Mr. Barletta was an early Trump supporter and is positioning himself as the Trump candidate in the Senate race.
“He’s going to win — win big,” Mr. Trump said when introducing Mr. Barletta to cheers from the crowd.
Ahead of the speech, Mr. Barletta touted Mr. Trump’s efforts to jump-start the Pennsylvania economy, including the rollback of Obama-era regulations under the Environmental Protection Agency.
“The Obama administration illegally went around Congress and passed a policy that would cripple Pennsylvania industry,” he said. “By rolling back this regulatory overreach, President Trump again shows he has the backs of hardworking Pennsylvanians.”
GOP tax plan analysis
Analysis of the Republican plan’s impact tends to split along ideological lines, although top earners who pay about 80 percent of taxes would reap substantial benefits under the current framework.
“I’m quite skeptical that tax reforms along the lines of the recently announced GOP plan will deliver noticeably higher job creation or weekly wages,” said Gary Burtless, an economist at the left-leaning Brookings Institution who has written extensively about the Reagan-era tax reforms.
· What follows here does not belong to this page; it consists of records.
lemma opnorm_Jmat: "opnorm (Jmat :: 'k::finite mmat) \<le> 1"
proof (rule opnorm_le)
  fix v :: "complex^('k \<times> bool)"
  have "norm (((Jmat :: 'k mmat) *v v) $ u) = norm (v $ swap_pair u)" for u
    by (simp add: Jmat_vector_mult)
  then have "(norm ((Jmat :: 'k mmat) *v v))\<^sup>2 = (\<Sum>u\<in>UNIV. (norm (v $ swap_pair u))\<^sup>2)"
    by (simp add: norm_vec_power2)
  also have "\<dots> = (norm v)\<^sup>2"
    unfolding norm_vec_power2
    by (rule sum.reindex_bij_witness[of _ swap_pair swap_pair]) (simp_all add: swap_pair_def)
  finally show "norm (Jmat *v v) \<le> 1 * norm v"
    by (simp add: power2_eq_iff_nonneg)
qed

lemma Jmat_skew: "(Jmat :: 'k::finite mmat) $ u $ w = - Jmat $ w $ u"
  by (cases u; cases w) (auto simp: Jmat_entry Jblk_def)

lemma cadj_Jmat: "cadj (Jmat :: 'k::finite mmat) = - Jmat"
proof -
  have "cnj ((Jmat :: 'k mmat) $ u $ w) = Jmat $ u $ w" for u w
    by (cases u; cases w) (auto simp: Jmat_entry Jblk_def)
  thus ?thesis
    by (simp add: cadj_def vec_eq_iff) (metis Jmat_skew)
qed

lemma hermitian_Omega: "hermitian (Omega :: 'k::finite mmat)"
proof -
  have "cadj (Omega :: 'k mmat) = mat 1 + mat (- \<i>) ** (- Jmat)"
    by (simp add: Omega_def cadj_add cadj_mat cadj_mat_mult cadj_Jmat)
  also have "\<dots> = Omega"
    by (simp add: Omega_def matrix_mult_uminus_right mat_mult_eq vec_eq_iff)
  finally show ?thesis
    by (simp add: hermitian_def)
qed

lemma hermitian_Smat: "hermitian (Smat :: 'k::finite mmat)"
  using hermitian_Omega[where 'k='k]
  by (simp add: hermitian_def Smat_def cadj_def transpose_def vec_eq_iff)

lemma opnorm_Smat: "opnorm (Smat :: 'k::finite mmat) \<le> sqrt 2"
proof -
  have "opnorm (Omega :: 'k mmat) \<le> opnorm (mat 1 :: 'k mmat) + norm \<i> * opnorm (Jmat :: 'k mmat)"
    unfolding Omega_def by (intro order_trans[OF opnorm_add] add_mono opnorm_mat_mult order_refl)
  also have "\<dots> \<le> 2"
    using opnorm_mat[of 1, where 'n="'k \<times> bool"] opnorm_Jmat[where 'k='k] by simp
  finally have Omega_le: "opnorm (Omega :: 'k mmat) \<le> 2" .
  have "opnorm (Smat :: 'k mmat) \<le> \<bar>1 / sqrt 2\<bar> * opnorm (transpose (Omega :: 'k mmat))"
    unfolding Smat_def by (rule opnorm_scaleR)
  also have "\<dots> \<le> 1 / sqrt 2 * 2"
    using order_trans[OF opnorm_transpose Omega_le] by (simp add: divide_right_mono)
  also have "(1 / sqrt 2) * 2 = sqrt (2::real)"
    by (simp add: field_simps)
  finally show ?thesis .
qed

abbreviation Pmat :: "real \<Rightarrow> complex^('k::finite \<times> bool)^'r::finite \<Rightarrow> complex^'r^'r" where
  "Pmat \<theta> F \<equiv> mat (2 * \<i> * complex_of_real \<theta>) ** Psi F"

lemma cadj_Psi: "cadj (Psi (F::complex^('k::finite \<times> bool)^'r::finite)) = - Psi F"
  by (simp add: Psi_def cadj_mult cadj_Jmat matrix_mult_uminus_left matrix_mult_uminus_right
      matrix_mul_assoc)

lemma hermitian_Pmat: "hermitian (Pmat \<theta> F)"
  unfolding hermitian_def cadj_mat_mult cadj_Psi by (simp add: mat_mult_eq vec_eq_iff)

lemma opnorm_Pmat:
  assumes "0 \<le> \<theta>"
  shows "opnorm (Pmat \<theta> (F::complex^('k::finite \<times> bool)^'r::finite)) \<le> 2 * \<theta> * (opnorm F)\<^sup>2"
proof -
  have "opnorm (Psi F) \<le> opnorm F * opnorm (Jmat :: 'k mmat) * opnorm F"
    unfolding Psi_def by (intro order_trans[OF opnorm_mult3] mult_left_mono opnorm_cadj) (simp_all add: opnorm_nonneg)
  also have "\<dots> \<le> (opnorm F)\<^sup>2"
    using mult_right_mono[OF mult_left_mono[OF opnorm_Jmat opnorm_nonneg] opnorm_nonneg]
    by (simp add: power2_eq_square)
  finally have "opnorm (Psi F) \<le> (opnorm F)\<^sup>2" .
  then show ?thesis
    using assms by (intro order_trans[OF opnorm_mat_mult]) (simp add: norm_mult mult_left_mono)
qed

lemma hermitian_Delta: "hermitian (Delta \<theta> (F::complex^('k::finite \<times> bool)^'r::finite))"
proof -
  have "cadj (Sigma \<theta> F) = Sigma \<theta> F"
    using hermitian_Smat[where 'k='k] hermitian_mphi[OF hermitian_Pmat, of \<theta> F]
    by (simp add: Sigma_def hermitian_def cadj_mult matrix_mul_assoc)
  then show ?thesis
    by (simp add: hermitian_def Delta_def cadj_diff cadj_mat cadj_mult mat_mult_commute)
qed

lemma opnorm_Delta:
  assumes "0 \<le> \<theta>"
  shows "opnorm (Delta \<theta> (F::complex^('k::finite \<times> bool)^'r::finite))
    \<le> 1 + \<theta> * (2 * (opnorm F)\<^sup>2 * phi (opnorm (Pmat \<theta> F)))"
proof -
  let ?S = "Smat :: 'k mmat"
  have "opnorm (Sigma \<theta> F) \<le> opnorm ?S * opnorm (cadj F) * opnorm (mphi (Pmat \<theta> F)) * opnorm F * opnorm ?S"
    unfolding Sigma_def by (rule opnorm_mult5)
  also have "\<dots> \<le> sqrt 2 * opnorm F * phi (opnorm (Pmat \<theta> F)) * opnorm F * sqrt 2"
    by (intro mult_mono opnorm_Smat opnorm_cadj opnorm_mphi opnorm_nonneg mult_nonneg_nonneg
        phi_nonneg order_refl) auto
  also have "\<dots> = 2 * (opnorm F)\<^sup>2 * phi (opnorm (Pmat \<theta> F))"
    by (simp add: power2_eq_square mult_ac)
  finally have "opnorm (Sigma \<theta> F) \<le> \<dots>" .
  then show ?thesis
    unfolding Delta_def using assms opnorm_mat[of 1, where 'n="'k \<times> bool"]
    by (intro order_trans[OF opnorm_diff] add_mono order_trans[OF opnorm_mat_mult] mult_mono)
      (auto simp: opnorm_nonneg)
qed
“That earlier experience does persuade me, however, that the GOP’s proposed tax treatment of ‘pass-through entities’ will open the door to massive tax avoidance for taxpayers who currently face marginal tax rates above 30 percent and who have creative tax advisers,” he said. “My guess is that exploiting the new tax avoidance opportunities will consume a whole lot more talent and effort than the extra effort and ingenuity that goes into U.S. business expansion.”
The rate for pass-through business where owners pay taxes at individual rates and other small business would get a 25 percent rate under the Republican plan.
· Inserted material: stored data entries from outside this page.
(* For integers $s,t\ge0$ let $m_{i,j}^{s,t}=\int_{(0,1)^2}\frac{x^{s+i}y^{s+j}}{x+y}\left(\frac{1-x}{1+x}\right)^t\left(\frac{1-y}{1+y}\right)^tdx\,dy$, $\phi_i^{s,t}=\sqrt2\int_0^1\frac{x^{s+i}}{1+x}\left(\frac{1-x}{1+x}\right)^tdx$, $\tau_n^{s,t}=\det(m_{i,j}^{s,t})_{i,j=0}^{n-1}$ ($\tau_0^{s,t}=1$), $$\sigma_n^{s,t}=\det\begin{pmatrix} m_{0,0}^{s,t}&\cdots&m_{0,n-1}^{s,t}&\phi_0^{s,t}\\ \vdots&&\vdots&\vdots\\ m_{n,0}^{s,t}&\cdots&m_{n,n-1}^{s,t}&\phi_n^{s,t}\end{pmatrix}\ (n\ge0),\qquad P_n^{s,t}(x)=\frac{1}{\tau_n^{s,t}}\det\begin{pmatrix} m_{0,0}^{s,t}&\cdots&m_{0,n-1}^{s,t}&1\\ \vdots&&\vdots&\vdots\\ m_{n,0}^{s,t}&\cdots&m_{n,n-1}^{s,t}&x^n\end{pmatrix},$$ $P_0^{s,t}=1$, and for $n\ge1$ with $\sigma_{n-1}^{s,t}\ne0$, $$R_n^{s,t}(x)=\frac{(-1)^{n-1}}{\sigma_{n-1}^{s,t}}\det\begin{pmatrix}\phi_0^{s,t}&m_{0,0}^{s,t}&\cdots&m_{0,n-2}^{s,t}&1\\ \phi_1^{s,t}&m_{1,0}^{s,t}&\cdots&m_{1,n-2}^{s,t}&x\\ \vdots&\vdots&&\vdots&\vdots\\ \phi_n^{s,t}&m_{n,0}^{s,t}&\cdots&m_{n,n-2}^{s,t}&x^n\end{pmatrix}.$$ Then for every $n\ge1$ and $s,t\ge0$ with $\sigma_{n-1}^{s,t}\ne0$, $$P_n^{s,t+1}(x)=R_n^{s,t}(x)-d_n^{s,t}P_{n-1}^{s,t+1}(x),\qquad d_n^{s,t}=-\frac{\sigma_n^{s,t}\tau_{n-1}^{s,t+1}}{\sigma_{n-1}^{s,t}\tau_n^{s,t+1}}.$$
   Context: $m_{i,j}^{s,t}=\langle x^i,y^j\rangle_{s,t}$ for the bilinear form $\langle f,g\rangle_{s,t}=\int_{(0,1)^2}\frac{x^sy^s}{x+y}f(x)g(y)\left(\frac{1-x}{1+x}\right)^t\left(\frac{1-y}{1+y}\right)^tdx\,dy$, and $\phi_i^{s,t}=\mathcal L_{s,t}(x^i)$ with $\mathcal L_{s,t}(f)=\sqrt2\int_0^1\frac{x^s}{1+x}f(x)\left(\frac{1-x}{1+x}\right)^tdx$. The determinants $\tau_n^{s,t}$ are positive. The condition $\sigma_{n-1}^{s,t}\neq 0$ is only what is needed for $R_n^{s,t}$ and $d_n^{s,t}$ to be defined. *)

theory Defs
  imports "HOL-Analysis.Analysis" "Jordan_Normal_Form.Determinant"
begin

definition mmom :: "nat \<Rightarrow> nat \<Rightarrow> nat \<Rightarrow> nat \<Rightarrow> real" where
  "mmom s t i j = (LINT p:{0<..<1::real} \<times> {0<..<1::real}|lborel.
     (fst p ^ (s + i) * snd p ^ (s + j) / (fst p + snd p)) *
     ((1 - fst p) / (1 + fst p)) ^ t * ((1 - snd p) / (1 + snd p)) ^ t)"

definition phi :: "nat \<Rightarrow> nat \<Rightarrow> nat \<Rightarrow> real" where
  "phi s t i = sqrt 2 * (LINT x:{0<..<1::real}|lborel.
     x ^ (s + i) / (1 + x) * ((1 - x) / (1 + x)) ^ t)"

definition tau :: "nat \<Rightarrow> nat \<Rightarrow> nat \<Rightarrow> real" where
  "tau s t n = Determinant.det (Matrix.mat n n (\<lambda>(i, j). mmom s t i j))"

definition sigma :: "nat \<Rightarrow> nat \<Rightarrow> nat \<Rightarrow> real" where
  "sigma s t n = Determinant.det (Matrix.mat (n + 1) (n + 1)
     (\<lambda>(i, j). if j < n then mmom s t i j else phi s t i))"

definition Ppoly :: "nat \<Rightarrow> nat \<Rightarrow> nat \<Rightarrow> real \<Rightarrow> real" where
  "Ppoly s t n x = Determinant.det (Matrix.mat (n + 1) (n + 1)
     (\<lambda>(i, j). if j < n then mmom s t i j else x ^ i)) / tau s t n"

definition Rpoly :: "nat \<Rightarrow> nat \<Rightarrow> nat \<Rightarrow> real \<Rightarrow> real" where
  "Rpoly s t n x = (-1) ^ (n - 1) / sigma s t (n - 1) *
     Determinant.det (Matrix.mat (n + 1) (n + 1)
     (\<lambda>(i, j). if j = 0 then phi s t i else if j < n then mmom s t i (j - 1) else x ^ i))"

definition dcoef :: "nat \<Rightarrow> nat \<Rightarrow> nat \<Rightarrow> real" where
  "dcoef s t n = - (sigma s t n * tau s (t + 1) (n - 1)) / (sigma s t (n - 1) * tau s (t + 1) n)"

end

theory Submission
  imports Defs "HOL-Probability.Sinc_Integral"
begin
Gary Cohn, director of the president’s National Economic Council, said the reforms would include extensive safeguards to prevent the wealthy from manipulating the small-business rates.
Chris Edwards, director of tax policy studies at the libertarian Cato Institute, vouched for the notion that slashing corporate tax rates would boost wages and jobs because businesses have more capital to invest in new endeavors and factories.
He also defended the rights of all taxpayers to keep their own money.
“A giveaway to the rich? No way,” he said. “The vast bulk of money that funds the federal government — including the social programs that liberals love — are funded by those rich people. They earn the money, then the government confiscates much of it for hundreds of programs that don’t work, harm society or are lousy with waste, fraud and abuse.”
He added that the real injustice lies with “politicians who grab ever more money from high earners, and rather than even saying ‘thanks,’ they heap abuse on the targets of their legalized theft.”
That leaves Americans free to pick and choose their tax facts.
In Middletown, retired Defense Department worker Ken Blouch said he didn’t care how the poor or the wealthy fared under the plan.
“As long as the middle class gets some tax break, I’m good with that,” said Mr. Blouch, 64.